Problem to solve: Among the lines below, tally those that hold "forall". Return the number and nothing more.

Records to process:
(* Let $k\ge 1$ and let $G$ be a finite abelian group with prime-power decomposition $G\cong\bigoplus_i (\mathbb{Z}_{p_i^{r_i}})^{d_i}$, where the pairs $(p_i,r_i)$ are pairwise distinct, $p_i$ prime, $r_i\ge 1$, $d_i\ge 1$. Suppose at least one of the following holds: (1) for every $i$ with $p_i=2$ or $p_i=3$ one has $d_i\ge 2$ (no condition for $p_i>3$; $k$ arbitrary); (2) no $p_i$ equals $2$, and $k$ is even; (3) for every $i$ with $p_i=2$ one has $d_i\ge 2$, and $k=4s$ for some positive integer $s$. Then the restricted wreath product $G\wr\mathbb{Z}^k$ admits an automorphism $\varphi$ with $R(\varphi)<\infty$; i.e. $G\wr\mathbb{Z}^k$ does not have the $R_\infty$ property.
   Context: For a group $\Gamma$ and an endomorphism $\varphi$, elements $x,y\in\Gamma$ are $\varphi$-conjugate (twisted conjugate) if $y=gx\varphi(g^{-1})$ for some $g\in\Gamma$; the equivalence classes are Reidemeister classes and their number $R(\varphi)\in\{1,2,\dots\}\cup\{\infty\}$ is the Reidemeister number. A group has the $R_\infty$ property if every automorphism has $R(\varphi)=\infty$. The restricted wreath product is $G\wr\mathbb{Z}^k=\Sigma\rtimes_\alpha\mathbb{Z}^k$, where $\Sigma=\bigoplus_{x\in\mathbb{Z}^k}G_x$ with each $G_x$ a copy of $G$ (for $g\in G$, $g_x$ denotes $g$ in $G_x$), and $\alpha(x)(g_y)=g_{x+y}$. *)

theory Defs
  imports "HOL-Algebra.Algebra" "HOL-Library.Extended_Nat"
begin

definition Zk :: "nat \<Rightarrow> (nat \<Rightarrow> int) set" where
  "Zk k = {x. \<forall>i\<ge>k. x i = 0}"

text \<open>Restricted wreath product G wr Z^k = Sigma \<rtimes>_alpha Z^k.
  An element of Sigma = direct sum of copies G_x (x in Z^k) is a finitely supported
  function sigma : Z^k -> carrier G (extended by the unit outside Z^k).
  alpha(x) shifts: (alpha(x) tau)(z) = tau(z - x), so alpha(x)(g_y) = g_(x+y).\<close>
definition wreath_Zk :: "('a, 'b) monoid_scheme \<Rightarrow> nat \<Rightarrow> (((nat \<Rightarrow> int) \<Rightarrow> 'a) \<times> (nat \<Rightarrow> int)) monoid" where
  "wreath_Zk G k =
     \<lparr>carrier = {(\<sigma>, x). x \<in> Zk k
                   \<and> (\<forall>z\<in>Zk k. \<sigma> z \<in> carrier G)
                   \<and> (\<forall>z. z \<notin> Zk k \<longrightarrow> \<sigma> z = \<one>\<^bsub>G\<^esub>)
                   \<and> finite {z. \<sigma> z \<noteq> \<one>\<^bsub>G\<^esub>}},
      monoid.mult = (\<lambda>(\<sigma>, x) (\<tau>, y). (\<lambda>z. \<sigma> z \<otimes>\<^bsub>G\<^esub> \<tau> (\<lambda>i. z i - x i), \<lambda>i. x i + y i)),
      one = (\<lambda>z. \<one>\<^bsub>G\<^esub>, \<lambda>i. 0)\<rparr>"

definition twisted_conj :: "('a, 'b) monoid_scheme \<Rightarrow> ('a \<Rightarrow> 'a) \<Rightarrow> ('a \<times> 'a) set" where
  "twisted_conj G \<phi> = {(x, y). x \<in> carrier G \<and> y \<in> carrier G \<and>
      (\<exists>g\<in>carrier G. y = g \<otimes>\<^bsub>G\<^esub> x \<otimes>\<^bsub>G\<^esub> \<phi> (inv\<^bsub>G\<^esub> g))}"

Exercise answer: 3